Verification of Timed Systems with Parameters and Data. One interesting extension of RTD-Finder is concerns parametric timed systems which contain timing constraints defined by use of parameters. These parameters may range over infinite domains and are in general related by a timing constraints set. Since the lack of restriction makes emptiness undecidable, the verification of systems composed of parametric timed automata is even harder. It requires data structures that handle efficiently and compactly the configurations that are introduced by the plentifulness of parameters. Inspired by existing work [2, 15, 17], a feasible approach consists in extending DBMs to parametric DBMs [3] and existentially quantifying (VR) such that the prover returns concrete values of the parameters ensuring the desired safety property for the system. As most of the existing tools are based on exploring the whole state space, they handle a relatively small number (mostly below ten) of automata, the immediate advantage of our approach is in scalability.

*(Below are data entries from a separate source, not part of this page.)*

lemma solution_set_tpow_system:
  assumes D: "tensor2 N D" and M: "ein N (ein N D M) D = D" and G: "is_drazin N D k G"
  defines "C \<equiv> ein N (ein N (ein N (ein N M D) G) D) M"
  shows "{Z. tensor1 N Z \<and> einv N (tpow N D k) Z = einv N (tpow N D k) (einv N M B)}
       = {tadd1 (einv N C B) (einv N (tminus (tid N) (ein N C D)) Q) | Q. tensor1 N Q}"
proof -
  have G': "tensor2 N G" "ein N G (tpow N D (Suc k)) = tpow N D k" "ein N D G = ein N G D"
    using G by (auto simp: is_drazin_def)
  have DkC: "ein N (tpow N D k) C = ein N (tpow N D k) M"
  proof -
    have "ein N (tpow N D k) C = ein N (ein N G (ein N (tpow N D k) D)) M"
      using tpow_ein_inner_inverse[OF D M G] ein_tpow_commute[OF D G'(1,3)]
      by (simp add: C_def) (metis ein_assoc)
    then show ?thesis
      using G'(2) by (simp add: tpow_Suc_right[OF D])
  qed
  have DkCD: "ein N (tpow N D k) (ein N C D) = tpow N D k"
    using DkC tpow_ein_inner_inverse[OF D M G] by (simp flip: ein_assoc)
  show ?thesis
  proof (intro set_eqI iffI)
    fix Z
    assume "Z \<in> {Z. tensor1 N Z \<and> einv N (tpow N D k) Z = einv N (tpow N D k) (einv N M B)}"
    then have Z: "tensor1 N Z" "einv N (tpow N D k) Z = einv N (tpow N D k) (einv N M B)"
      by auto
    have DMD: "einv N D (einv N M (einv N D Z)) = einv N D Z"
      using M by (metis einv_ein)
    have "einv N C B = einv N (ein N M D) (einv N (ein N G D) (einv N M B))"
      by (simp add: C_def einv_ein)
    also have "\<dots> = einv N (ein N M D) (einv N (ein N G D) Z)"
      by (simp only: is_drazin_ein_factor[OF D G] einv_ein Z(2))
    also have "\<dots> = einv N (ein N C D) Z"
      by (simp add: C_def einv_ein DMD)
    finally have "einv N C B = einv N (ein N C D) Z" .
    then have "Z = tadd1 (einv N C B) (einv N (tminus (tid N) (ein N C D)) Z)"
      by (simp add: fun_eq_iff tadd1_def einv_tminus einv_tid[OF Z(1)])
    then show "Z \<in> {tadd1 (einv N C B) (einv N (tminus (tid N) (ein N C D)) Q) | Q. tensor1 N Q}"
      using Z(1) by blast
  next
    fix Z
    assume "Z \<in> {tadd1 (einv N C B) (einv N (tminus (tid N) (ein N C D)) Q) | Q. tensor1 N Q}"
    then obtain Q where Z: "Z = tadd1 (einv N C B) (einv N (tminus (tid N) (ein N C D)) Q)"
      by blast
    have "ein N (tpow N D k) (tminus (tid N) (ein N C D)) = 0"
      by (simp add: ein_tminus_right ein_tid_right DkCD tminus_eq_0_iff)
    then have "einv N (tpow N D k) Z
        = tadd1 (einv N (ein N (tpow N D k) M) B) (einv N 0 Q)"
      by (simp only: Z einv_tadd1 DkC flip: einv_ein)
    then have "einv N (tpow N D k) Z = einv N (tpow N D k) (einv N M B)"
      by (simp add: tadd1_def einv_ein)
    then show "Z \<in> {Z. tensor1 N Z \<and> einv N (tpow N D k) Z = einv N (tpow N D k) (einv N M B)}"
      by (simp add: Z tensor1_tadd1)
  qed
qed

theorem mainTheorem13:
  fixes N :: "nat list" and D :: tens2 and B :: tens1 and k :: nat
  assumes "\<forall>n\<in>set N. 0 < n"
    and "tensor2 N D" and "tensor1 N B"
    and "tind N D = k"
  shows "{Z. tensor1 N Z \<and>
            einv N (tpow N D k) Z = einv N (tpow N D k) (einv N (mpinv N D) B)}
       = {tadd1 (einv N (cmp N D) B)
                (einv N (tminus (tid N) (ein N (cmp N D) D)) Q) | Q. tensor1 N Q}"
proof -
  have "is_mpinv N D (mpinv N D)"
    using is_mpinv_mpinv[OF assms(2)] .
  moreover have "is_drazin N D k (drazin N D)"
    using is_drazin_drazin[OF assms(2)] assms(4) by simp
  ultimately show ?thesis
    unfolding cmp_def is_mpinv_def by (intro solution_set_tpow_system[OF assms(2)]) auto
qed

end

Another possible extension is the consideration of richer classes of models, handling data variables and urgency types on transitions [6]. This is not a trivial task since urgency does not lend itself to a compositional definition.

Properties. Currently, RTD-Finder handles only state safety properties but the extension to check LTL properties by use of Timed Büchi automata is possible. As for the pacemaker example, history clocks may help to express some LTL properties without resorting to the monitors.

RTD-Finder offers high scalability especially when the property to check is not combinatorial. Checking the absence of deadlock is currently more problematic. If in the untimed case one can provide an exact formalization of deadlock by means of local characterizations, this is no longer the case for timed systems. More precisely, the condition which expresses that an interaction is eventually enabled in a timed setup cannot be decided by the consideration of the involved components only, but depends also from the timing constraints of the non involved components. We are working on some approximation techniques in order to avoid its full computation.